Pongal is celebrated on a large basis in Tamil Nadu because it is this day that marks the beginning of Tamil New Year where the first month called 'Thai'. Pongal coincides with the festival of Makara Sankranthi and is considered an important and auspicious day. Farmers keep boiling rice mixed with fresh milk with jaggery in earthen pots as this symbolizes good luck for them. As the rice boils over and bubbles out of the pot, the tradition is to shout of "Ponggalo Ponggal!" accompanied by blowing a conch which is a custom practiced since ages for bringing good luck to the land.

Pongal usually starts in the month of January and is a four days long festivity that starts usually from 14th or 15th day. Pongal largely associates itself with nature and so during Pongal celebrations house are washed, cleaned and decorated beautifully. People wear new clothes and make various sumptuous sweet dishes. Guests visit and wish each other and there are social get-togethers with family, friends and relatives. Gifts are exchanged and there is singing, dancing and more celebration.

Pongal is celebrated more lavishly in villages because it is mainly a harvest festival. People in the villages chew sugar cane and decorate their houses with kolam. Pongal is indeed one of the biggest festivals in Tamil Nadu.



Rakhi

Rakhi is a festival that is dedicated entirely to celebrate and appreciate the love and affection that exist between a beautiful relationship between a brother and a sister. There are so many festivals in India but Rakhi is one that everyone across the country awaits for. On this day sisters tie a 'Rakhi' which is a decorated thread on to their brother’s hand and pray for their long life. Brothers, in turn, give their sisters gifts and vow that they will protect and care for them. Thus all brothers and sisters across all the religions celebrate this day with great enthusiasm.

As per Hindu calendar, Raksha Bandhan is celebrated on the full moon day of the month of Shraavan. In western India this day is celebrated as Nariyal Purnima and an offering of a coconut is made to the sea to a mark of respect to Lord Varuna, the God of the Sea. Nariyal Purnima also marks the beginning of the fishing season and the fishermen also make an offering to Lord Varuna. Sisters buy Rakhis in advance and also prepare sweets for their brothers.

Vermillion and rice form part of the Rakhi pooja thali on the day of Rakshabandhan. Sisters pray for their brother by doing their aarti and applying teeka on their brother’s head. She then ties the sacred thread (the Rakhi) on her brother’s hand. Brothers in turn give their sisters some gift.

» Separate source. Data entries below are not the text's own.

lemma nn_integral_gamma_density_tail:
  assumes "a > 0" and "r > 0" and "s \<ge> 0"
  shows "(\<integral>\<^sup>+x. ennreal (gamma_density a r x) * indicator {s<..} x \<partial>lborel)
           = ennreal (gamma_survival a (r * s))"
proof -
  define f where "f u = ennreal (gamma_density a 1 u) * indicator {r * s<..} u" for u
  have "(\<integral>\<^sup>+x. ennreal (gamma_density a r x) * indicator {s<..} x \<partial>lborel)
      = (\<integral>\<^sup>+x. ennreal r * f (0 + r * x) \<partial>lborel)"
    using assms
    by (intro nn_integral_cong)
       (simp add: f_def gamma_density_rescale[of r] ennreal_mult gamma_density_nonneg
         mult.assoc split: split_indicator)
  also have "\<dots> = (\<integral>\<^sup>+u. f u \<partial>lborel)"
  proof -
    have "f \<in> borel_measurable borel"
      unfolding f_def by measurable
    then show ?thesis
      using assms(2) nn_integral_real_affine[of f r 0] by (simp add: nn_integral_cmult)
  qed
  also have "\<dots> = ennreal (gamma_survival a (r * s))"
    unfolding f_def using assms by (intro nn_integral_gamma_density_unit_rate_tail) auto
  finally show ?thesis .
qed

lemma gamma_survival_zero: "gamma_survival a 0 = 1"
  by (simp add: gamma_survival_def lower_inc_gamma_def zero_ereal_def)

lemma nn_integral_gamma_density:
  assumes "a > 0" and "r > 0"
  shows "(\<integral>\<^sup>+x. ennreal (gamma_density a r x) \<partial>lborel) = 1"
proof -
  have "(\<integral>\<^sup>+x. ennreal (gamma_density a r x) \<partial>lborel)
      = (\<integral>\<^sup>+x. ennreal (gamma_density a r x) * indicator {0<..} x \<partial>lborel)"
    by (intro nn_integral_cong) (simp add: gamma_density_nonpos split: split_indicator)
  then show ?thesis
    using nn_integral_gamma_density_tail[OF assms order_refl] by (simp add: gamma_survival_zero)
qed

lemma nn_integral_gamma_density_mean:
  assumes "a > 0" and "r > 0"
  shows "(\<integral>\<^sup>+x. ennreal (x * gamma_density a r x) \<partial>lborel) = ennreal (a / r)"
proof -
  have "(\<integral>\<^sup>+x. ennreal (x * gamma_density a r x) \<partial>lborel)
      = (\<integral>\<^sup>+x. ennreal (a / r) * ennreal (gamma_density (a + 1) r x) \<partial>lborel)"
    using assms
    by (intro nn_integral_cong)
       (simp add: gamma_density_mult_self gamma_density_nonneg ennreal_mult[symmetric])
  also have "\<dots> = ennreal (a / r)"
    using assms by (simp add: nn_integral_cmult nn_integral_gamma_density)
  finally show ?thesis .
qed

lemma nn_integral_gamma_density_exp_tilt:
  assumes "l > 0" and "t \<ge> 0" and [measurable]: "g \<in> borel_measurable borel"
  shows "(\<integral>\<^sup>+x. ennreal (gamma_density a l x) * (ennreal (exp (- (t * x))) * g x) \<partial>lborel)
           = ennreal ((l / (l + t)) powr a)
               * (\<integral>\<^sup>+x. ennreal (gamma_density a (l + t) x) * g x \<partial>lborel)"
proof -
  have tilt: "ennreal (gamma_density a l x) * ennreal (exp (- (t * x)))
          = ennreal ((l / (l + t)) powr a) * ennreal (gamma_density a (l + t) x)" for x
    using assms
    by (simp add: ennreal_mult''[symmetric] ennreal_mult'[symmetric] gamma_density_exp_tilt)
  have "(\<integral>\<^sup>+x. ennreal (gamma_density a l x) * (ennreal (exp (- (t * x))) * g x) \<partial>lborel)
      = (\<integral>\<^sup>+x. ennreal ((l / (l + t)) powr a) * (ennreal (gamma_density a (l + t) x) * g x) \<partial>lborel)"
    by (simp add: mult.assoc[symmetric] tilt)
  also have "\<dots> = ennreal ((l / (l + t)) powr a)
               * (\<integral>\<^sup>+x. ennreal (gamma_density a (l + t) x) * g x \<partial>lborel)"
    by (rule nn_integral_cmult) measurable
  finally show ?thesis .
qed

section \<open>Two integral representations\<close>

lemma ennreal_inverse_eq_nn_integral_exp:
  fixes T :: real
  assumes "T > 0"
  shows "ennreal (1 / T) = (\<integral>\<^sup>+t. ennreal (exp (- (t * T))) * indicator {0..} t \<partial>lborel)"
proof -
  define F where "F t = - (exp (- (t * T)) / T)" for t :: real
  have "(\<integral>\<^sup>+t. ennreal (exp (- (t * T))) * indicator {0..} t \<partial>lborel) = 0 - F 0"
  proof (rule nn_integral_FTC_atLeast)
    show "(F \<longlongrightarrow> 0) at_top"
      unfolding F_def using assms by real_asymp
  qed (use assms in \<open>auto intro!: derivative_eq_intros simp: F_def field_simps\<close>)
  then show ?thesis
    by (simp add: F_def)
qed

lemma nn_integral_divide_eq_nn_integral_exp:
  assumes "sigma_finite_measure M"
    and [measurable]: "Y \<in> borel_measurable M" "T \<in> borel_measurable M"
    and "AE \<omega> in M. T \<omega> > 0"
  shows "(\<integral>\<^sup>+\<omega>. ennreal (Y \<omega> / T \<omega>) \<partial>M)
           = (\<integral>\<^sup>+t. (\<integral>\<^sup>+\<omega>. ennreal (Y \<omega>) * ennreal (exp (- (t * T \<omega>))) \<partial>M)
                      * indicator {0..} t \<partial>lborel)"
proof -
  interpret pair_sigma_finite M lborel
    using assms(1) by (simp add: pair_sigma_finite_def lborel.sigma_finite_measure_axioms)
  have "AE \<omega> in M. ennreal (Y \<omega> / T \<omega>)
          = (\<integral>\<^sup>+t. ennreal (Y \<omega>) * ennreal (exp (- (t * T \<omega>))) * indicator {0..} t \<partial>lborel)"
    using assms(4)
  proof eventually_elim
    case (elim \<omega>)
    then have "ennreal (Y \<omega> / T \<omega>) = ennreal (Y \<omega>) * ennreal (1 / T \<omega>)"
      by (simp add: ennreal_mult''[symmetric])
    then show ?case
      using elim by (simp add: ennreal_inverse_eq_nn_integral_exp nn_integral_cmult mult.assoc)
  qed
  then have "(\<integral>\<^sup>+\<omega>. ennreal (Y \<omega> / T \<omega>) \<partial>M)
      = (\<integral>\<^sup>+\<omega>. (\<integral>\<^sup>+t. ennreal (Y \<omega>) * ennreal (exp (- (t * T \<omega>)))
                          * indicator {0..} t \<partial>lborel) \<partial>M)"
    by (rule nn_integral_cong_AE)
  also have "\<dots> = (\<integral>\<^sup>+t. (\<integral>\<^sup>+\<omega>. ennreal (Y \<omega>) * ennreal (exp (- (t * T \<omega>)))
                          * indicator {0..} t \<partial>M) \<partial>lborel)"
    by (rule Fubini'[symmetric]) measurable
  finally show ?thesis
    by (simp add: nn_integral_multc)
qed
(* Let $0<\underline\beta<\bar\beta$, $\alpha,\xi>0$, and let $\varphi$, $\omega$ and $\mathcal{J}(\beta,D)$ be as in the context. Then there exists a parameter set $\mathcal{P}(\underline\beta,\bar\beta)$ (not depending on $D$) such that for every positive even integer $D$ and every $\beta\in[\underline\beta,\bar\beta]$, $\mathcal{J}(\beta,D)\subset\mathcal{H}(\beta,\mathcal{P}(\underline\beta,\bar\beta))$.
   Context: $\psi(x)=\pi^{-1/2}e^{-x^2}$. For $\beta>0$, $r$ is the largest integer strictly less than $\beta$. A parameter set $\mathcal{P}=\{\gamma,l^+,L,\varepsilon,C,\alpha,\xi,M\}$ consists of a polynomial $L$ and constants; $\mathcal{H}(\beta,\mathcal{P})$ is the set of probability densities $f$ on $\mathbb{R}$ with: $\ln f$ $r$ times differentiable, $|(\ln f)^{(r)}(x)-(\ln f)^{(r)}(y)|\le r!L(x)|y-x|^{\beta-r}$ when $|x-y|\le\gamma$, $|(\ln f)^{(j)}(0)|\le l^+$ ($j=0..r$); $\int|(\ln f)^{(j)}|^{(2\beta+\varepsilon)/j}f\le C$ ($j=1..r$), $\int|L|^{2+\varepsilon/\beta}f\le C$; $f\le M\psi$; $f>0$, nondecreasing on $(-\infty,-\alpha)$, nonincreasing on $(\alpha,\infty)$, $f\ge\xi$ on $[-\alpha,\alpha]$. Construction: $\varphi$ infinitely differentiable, supported in $(1/4,3/4)$, $\int\varphi=0$, $\int\varphi^2=1$; $A=\max_{0\le k\le r+1}\|\varphi^{(k)}\|_\infty>1$; for $D$ a positive even integer and $j=1,\dots,D$, $\varphi_j(x)=\frac{\xi D^{-\beta}}{A}\varphi\big(\frac D\alpha(x+\frac\alpha2)-(j-1)\big)$. $\mathcal{T}(\alpha,\xi)$: functions $\omega:\mathbb{R}\to\mathbb{R}^+$ nondecreasing on $(-\infty,-\alpha/2)$, nonincreasing on $(\alpha/2,\infty)$, $\omega=2\xi$ on $[-3\alpha/4,3\alpha/4]$, $\omega(\pm\alpha)=\xi$. Fix $\tilde{\mathcal P}=\{\alpha/4,\ln(2\xi),\tilde L,\tilde\varepsilon,\tilde C,\alpha,\xi,\tilde M\}$ and $\omega\in\mathcal{T}(\alpha,\xi)\cap\mathcal{H}(\beta,\tilde{\mathcal P})$ for all $\beta\in[\underline\beta,\bar\beta]$. For $\theta\in\{0,1\}^D$, $f_\theta=\omega+\sum_{j=1}^D(2\theta_j-1)\varphi_j$, and $\mathcal{J}(\beta,D)=\{f_\theta:\theta\in\{0,1\}^D\}$. *)

theory Defs
  imports "HOL-Analysis.Analysis" "HOL-Computational_Algebra.Polynomial"
begin

definition psi :: "real \<Rightarrow> real" where
  "psi x = exp (- (x^2)) / sqrt pi"

text \<open>r = largest integer strictly less than beta (beta > 0).\<close>
definition rr :: "real \<Rightarrow> nat" where
  "rr beta = nat (\<lceil>beta\<rceil> - 1)"

definition dj :: "nat \<Rightarrow> (real \<Rightarrow> real) \<Rightarrow> real \<Rightarrow> real" where
  "dj j g = (deriv ^^ j) g"

definition times_differentiable :: "nat \<Rightarrow> (real \<Rightarrow> real) \<Rightarrow> bool" where
  "times_differentiable r g \<longleftrightarrow> (\<forall>j<r. \<forall>x. dj j g differentiable at x)"

definition smooth_fun :: "(real \<Rightarrow> real) \<Rightarrow> bool" where
  "smooth_fun g \<longleftrightarrow> (\<forall>j x. dj j g differentiable at x)"

record params =
  gam :: real
  lplus :: real
  Lp :: "real poly"
  eps :: real
  Cc :: real
  alph :: real
  xi :: real
  Mm :: real

text \<open>Constants of a parameter set (l+ is allowed to be any real, e.g. ln(2 xi)).\<close>
definition valid_params :: "params \<Rightarrow> bool" where
  "valid_params P \<longleftrightarrow> gam P > 0 \<and> eps P > 0 \<and> Cc P > 0 \<and> alph P > 0 \<and> xi P > 0 \<and> Mm P > 0"

definition is_density :: "(real \<Rightarrow> real) \<Rightarrow> bool" where
  "is_density f \<longleftrightarrow> f \<in> borel_measurable borel \<and> (\<forall>x. f x \<ge> 0)
      \<and> (\<integral>\<^sup>+ x. ennreal (f x) \<partial>lborel) = 1"

definition HH :: "real \<Rightarrow> params \<Rightarrow> (real \<Rightarrow> real) set" where
  "HH beta P = {f. is_density f \<and>
     (let g = (\<lambda>x. ln (f x)); r = rr beta; L = (\<lambda>x. poly (Lp P) x) in
       times_differentiable r g
     \<and> (\<forall>x y. \<bar>x - y\<bar> \<le> gam P \<longrightarrow>
          \<bar>dj r g x - dj r g y\<bar> \<le> fact r * L x * \<bar>y - x\<bar> powr (beta - real r))
     \<and> (\<forall>j\<le>r. \<bar>dj j g 0\<bar> \<le> lplus P)
     \<and> (\<forall>j\<in>{1..r}. (\<integral>\<^sup>+ x. ennreal (\<bar>dj j g x\<bar> powr ((2 * beta + eps P) / real j) * f x) \<partial>lborel)
            \<le> ennreal (Cc P))
     \<and> (\<integral>\<^sup>+ x. ennreal (\<bar>L x\<bar> powr (2 + eps P / beta) * f x) \<partial>lborel) \<le> ennreal (Cc P)
     \<and> (\<forall>x. f x \<le> Mm P * psi x)
     \<and> (\<forall>x. f x > 0)
     \<and> mono_on {..< - alph P} f
     \<and> antimono_on {alph P <..} f
     \<and> (\<forall>x\<in>{- alph P .. alph P}. f x \<ge> xi P))}"

definition supnorm :: "(real \<Rightarrow> real) \<Rightarrow> real" where
  "supnorm g = (SUP x. \<bar>g x\<bar>)"

definition AA :: "(real \<Rightarrow> real) \<Rightarrow> real \<Rightarrow> real" where
  "AA phi beta = Max ((\<lambda>k. supnorm (dj k phi)) ` {0..rr beta + 1})"

definition phij :: "(real \<Rightarrow> real) \<Rightarrow> real \<Rightarrow> real \<Rightarrow> real \<Rightarrow> nat \<Rightarrow> nat \<Rightarrow> real \<Rightarrow> real" where
  "phij phi alpha xi' beta D j x =
     xi' * real D powr (- beta) / AA phi beta * phi (real D / alpha * (x + alpha / 2) - (real j - 1))"

definition TT :: "real \<Rightarrow> real \<Rightarrow> (real \<Rightarrow> real) set" where
  "TT alpha xi' = {w. (\<forall>x. w x \<ge> 0) \<and> mono_on {..< - alpha / 2} w \<and> antimono_on {alpha / 2 <..} w
      \<and> (\<forall>x\<in>{- 3 * alpha / 4 .. 3 * alpha / 4}. w x = 2 * xi')
      \<and> w alpha = xi' \<and> w (- alpha) = xi'}"

definition ftheta :: "(real \<Rightarrow> real) \<Rightarrow> (real \<Rightarrow> real) \<Rightarrow> real \<Rightarrow> real \<Rightarrow> real \<Rightarrow> nat \<Rightarrow> (nat \<Rightarrow> bool) \<Rightarrow> real \<Rightarrow> real" where
  "ftheta w phi alpha xi' beta D theta x =
     w x + (\<Sum>j = 1..D. (if theta j then 1 else -1) * phij phi alpha xi' beta D j x)"

definition JJ :: "(real \<Rightarrow> real) \<Rightarrow> (real \<Rightarrow> real) \<Rightarrow> real \<Rightarrow> real \<Rightarrow> real \<Rightarrow> nat \<Rightarrow> (real \<Rightarrow> real) set" where
  "JJ w phi alpha xi' beta D = {ftheta w phi alpha xi' beta D theta | theta. True}"

end

theory Submission
  imports Defs
begin

text \<open>
  Write f = omega + 2 xi u, where u is a signed sum of D rescaled copies of phi of height
  D^(-beta)/(2A) with pairwise disjoint supports inside [-alpha/2, alpha/2], where omega = 2 xi.
  Hence |u^(k)| <= D^(-beta) (D/alpha)^k / 2 for k <= r + 1, in particular |u| <= 1/2, and
  ln f = ln omega + ln (1 + u). The recursion (1/(1+u))' = -u' (1/(1+u))^2 bounds the derivatives
  of ln (1 + u) up to order r + 1 by a constant times D^(-beta) (D/alpha)^k. Since k <= r < beta
  these bounds are uniform in D, and interpolating between the bounds of order r and r + 1 gives a
  Hoelder constant for the r-th derivative that is uniform in D as well. As 0 < f <= 3/2 omega and
  the integral of u vanishes, the remaining conditions pass from omega to f with enlarged constants.
\<close>

section \<open>Iterated derivatives of smooth functions\<close>

lemma dj_0 [simp]: "dj 0 f = f"
  by (simp add: dj_def)

lemma dj_Suc: "dj (Suc k) f = deriv (dj k f)"
  by (simp add: dj_def)

lemma dj_Suc_right: "dj (Suc k) f = dj k (deriv f)"
  by (simp add: dj_def funpow_Suc_right del: funpow.simps)

lemma dj_dj: "dj j (dj k f) = dj (j + k) f"
  by (simp add: dj_def funpow_add)

lemma has_real_derivative_deriv:
  "(f :: real \<Rightarrow> real) differentiable at x \<Longrightarrow> (f has_real_derivative deriv f x) (at x)"
  using DERIV_deriv_iff_real_differentiable by blast

lemma smooth_fun_differentiable: "smooth_fun f \<Longrightarrow> f differentiable at x"
  unfolding smooth_fun_def by (metis dj_0)

lemma smooth_fun_dj_differentiable: "smooth_fun f \<Longrightarrow> dj k f differentiable at x"
  unfolding smooth_fun_def by blast

lemma smooth_fun_deriv: "smooth_fun f \<Longrightarrow> smooth_fun (deriv f)"
  unfolding smooth_fun_def by (metis dj_Suc_right)

lemma smooth_funI_deriv:
  "(\<And>x. f differentiable at x) \<Longrightarrow> smooth_fun (deriv f) \<Longrightarrow> smooth_fun f"
  unfolding smooth_fun_def by (metis dj_0 dj_Suc_right not0_implies_Suc)

lemma smooth_fun_if_deriv_closed:
  assumes closed: "\<And>g. g \<in> S \<Longrightarrow> (\<forall>x. g differentiable at x) \<and> deriv g \<in> S" and "f \<in> S"
  shows "smooth_fun f"
proof -
  have "\<forall>g\<in>S. dj j g \<in> S" for j
    by (induction j) (auto simp: dj_Suc_right closed)
  with closed \<open>f \<in> S\<close> show ?thesis
    unfolding smooth_fun_def by blast
qed

text \<open>
  Closed under \<open>deriv\<close> as soon as \<open>q'\<close> lies in it, so all members are smooth: this gives
  smoothness of products and of \<open>1/(1 + u)\<close> without a Leibniz formula.
\<close>
inductive_set smooth_ring :: "(real \<Rightarrow> real) \<Rightarrow> (real \<Rightarrow> real) set" for q where
  smooth: "smooth_fun f \<Longrightarrow> f \<in> smooth_ring q"
| generator: "q \<in> smooth_ring q"
| add: "f \<in> smooth_ring q \<Longrightarrow> g \<in> smooth_ring q \<Longrightarrow> (\<lambda>x. f x + g x) \<in> smooth_ring q"
| mult: "f \<in> smooth_ring q \<Longrightarrow> g \<in> smooth_ring q \<Longrightarrow> (\<lambda>x. f x * g x) \<in> smooth_ring q"

lemma smooth_ring_deriv_closed:
  assumes q: "\<And>x. q differentiable at x" "deriv q \<in> smooth_ring q"
  shows "f \<in> smooth_ring q \<Longrightarrow> (\<forall>x. f differentiable at x) \<and> deriv f \<in> smooth_ring q"
proof (induction f rule: smooth_ring.induct)
  case (smooth f)
  then show ?case
    by (auto intro: smooth_ring.smooth smooth_fun_differentiable smooth_fun_deriv)
next
  case generator
  then show ?case using q by auto
next
  case (add f g)
  have "deriv (\<lambda>x. f x + g x) = (\<lambda>x. deriv f x + deriv g x)"
    using add by (auto intro!: DERIV_imp_deriv derivative_intros has_real_derivative_deriv)
  then show ?case using add by (auto intro: smooth_ring.add)
next
  case (mult f g)
  have "((\<lambda>x. f x * g x) has_real_derivative deriv f x * g x + deriv g x * f x) (at x)" for x
    using mult by (intro DERIV_mult has_real_derivative_deriv) auto
  then have "deriv (\<lambda>x. f x * g x) = (\<lambda>x. deriv f x * g x + f x * deriv g x)"
    by (auto intro!: DERIV_imp_deriv simp: mult.commute)
  then show ?case using mult by (auto intro!: smooth_ring.add smooth_ring.mult)
qed

lemma smooth_ring_smooth_fun:
  assumes "\<And>x. q differentiable at x" "deriv q \<in> smooth_ring q" "f \<in> smooth_ring q"
  shows "smooth_fun f"
  using smooth_fun_if_deriv_closed[of "smooth_ring q" f] smooth_ring_deriv_closed[OF assms(1,2)] assms(3)
  by blast

lemma smooth_fun_add: "smooth_fun f \<Longrightarrow> smooth_fun g \<Longrightarrow> smooth_fun (\<lambda>x. f x + g x)"
  using smooth_ring_smooth_fun[of "\<lambda>x. 0" "\<lambda>x. f x + g x"] by (auto intro: smooth_ring.intros)

lemma smooth_fun_mult: "smooth_fun f \<Longrightarrow> smooth_fun g \<Longrightarrow> smooth_fun (\<lambda>x. f x * g x)"
  using smooth_ring_smooth_fun[of "\<lambda>x. 0" "\<lambda>x. f x * g x"] by (auto intro: smooth_ring.intros)
(* Fix $\delta>0$ and let $T:\mathbb{N}\to\mathbb{N}_{\ge1}$ be a query budget depending on the dimension $d$. (1) If $\ln T(d)=o(d)$ as $d\to\infty$, then $\mathsf{ExcessErr}_d(T(d),\delta)\to+\infty$ as $d\to\infty$. (2) If $\ln T(d)/d\to+\infty$ as $d\to\infty$, then $\mathsf{ExcessErr}_d(T(d),\delta)\to 0$ as $d\to\infty$.
   Context: Linear reconstruction game: fix $d\ge 1$, a number of rounds $T\ge 0$ and a noise level $\delta>0$. An adversary holds a secret point $x^*\in\mathbb{R}^d$. In each round $t=1,\dots,T$ the reconstructor chooses a unit vector $v_t\in S^{d-1}$ (possibly adaptively, as a function of previous answers) and the adversary returns a real number $r_t$ with $|r_t-\langle x^*,v_t\rangle|\le\delta$. After $T$ rounds the reconstructor outputs $\hat x_T\in\mathbb{R}^d$. All strategies are deterministic. The optimal reconstruction error is $\mathrm{OPT}_d(T,\delta)=\inf_{\mathcal R}\sup_{x^*\in\mathbb{R}^d}\sup_{\mathcal A}\|\hat x_T-x^*\|_2$, where $\mathcal R$ ranges over reconstructor strategies for $T$ rounds and $\mathcal A$ over adversary answer strategies satisfying the noise constraint for the secret $x^*$. This quantity is nonincreasing in $T$; set $\mathrm{OPT}_d(\infty,\delta):=\lim_{T\to\infty}\mathrm{OPT}_d(T,\delta)$ and $\mathsf{ExcessErr}_d(T,\delta):=\mathrm{OPT}_d(T,\delta)-\mathrm{OPT}_d(\infty,\delta)$. *)

theory Defs
  imports "HOL-Analysis.Analysis" "HOL-Library.Landau_Symbols"
begin

text \<open>Points of R^d are represented as functions nat => real vanishing outside {..<d}.\<close>

definition vecs :: "nat \<Rightarrow> (nat \<Rightarrow> real) set" where
  "vecs d = {x. \<forall>i\<ge>d. x i = 0}"

definition ip :: "nat \<Rightarrow> (nat \<Rightarrow> real) \<Rightarrow> (nat \<Rightarrow> real) \<Rightarrow> real" where
  "ip d x y = (\<Sum>i<d. x i * y i)"

definition nrm :: "nat \<Rightarrow> (nat \<Rightarrow> real) \<Rightarrow> real" where
  "nrm d x = sqrt (ip d x x)"

definition usphere :: "nat \<Rightarrow> (nat \<Rightarrow> real) set" where
  "usphere d = {v \<in> vecs d. ip d v v = 1}"

text \<open>A deterministic adaptive reconstructor: the query in round t+1 is q applied to the
  list of the first t answers; the output is out applied to the list of all T answers.\<close>

definition valid_recon :: "nat \<Rightarrow> (real list \<Rightarrow> (nat \<Rightarrow> real)) \<Rightarrow> (real list \<Rightarrow> (nat \<Rightarrow> real)) \<Rightarrow> bool" where
  "valid_recon d q out \<longleftrightarrow> (\<forall>rs. q rs \<in> usphere d) \<and> (\<forall>rs. out rs \<in> vecs d)"

definition consistent :: "nat \<Rightarrow> nat \<Rightarrow> real \<Rightarrow> (real list \<Rightarrow> (nat \<Rightarrow> real)) \<Rightarrow> (nat \<Rightarrow> real) \<Rightarrow> real list \<Rightarrow> bool" where
  "consistent d T \<delta> q x rs \<longleftrightarrow> length rs = T \<and>
     (\<forall>t<T. \<bar>rs ! t - ip d x (q (take t rs))\<bar> \<le> \<delta>)"

definition err :: "nat \<Rightarrow> nat \<Rightarrow> real \<Rightarrow> (real list \<Rightarrow> (nat \<Rightarrow> real)) \<Rightarrow> (real list \<Rightarrow> (nat \<Rightarrow> real)) \<Rightarrow> ereal" where
  "err d T \<delta> q out =
     (SUP x\<in>vecs d. SUP rs\<in>{rs. consistent d T \<delta> q x rs}. ereal (nrm d (out rs - x)))"

definition OPT :: "nat \<Rightarrow> nat \<Rightarrow> real \<Rightarrow> ereal" where
  "OPT d T \<delta> = (INF qo\<in>{(q, out). valid_recon d q out}. err d T \<delta> (fst qo) (snd qo))"

definition OPT_inf :: "nat \<Rightarrow> real \<Rightarrow> ereal" where
  "OPT_inf d \<delta> = lim (\<lambda>T. OPT d T \<delta>)"

definition ExcessErr :: "nat \<Rightarrow> nat \<Rightarrow> real \<Rightarrow> ereal" where
  "ExcessErr d T \<delta> = OPT d T \<delta> - OPT_inf d \<delta>"

end

theory Submission
  imports Defs "HOL-Probability.Hoeffding" "HOL-Real_Asymp.Real_Asymp"
begin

Indian sweets like Kaju Katli, barfis, laddoos, sandesh, ghevars, kheer etc are prepared and exchanged on that day as well. A lovely bond of trust and love is established between a brother and a sister on that day. Truly, Raksha Bandhan celebrates this beautiful relationship which is not bound by blood as any woman can tie a rakhi to a man and make him his brother.




Ram Navami

Ram Navami is celebrated to cherish the day when Hindu God Ram was born. This is usually celebrated on the ninth day of Hindu month of Chaitra. Lord Ram was born in Ayodha which is an ancient Indian city and was the seventh incarnation of Lord Vishnu. Ram Navami is the day that marks the end of nine day long festival called Chaitra Navratri or Vasanta Navratri.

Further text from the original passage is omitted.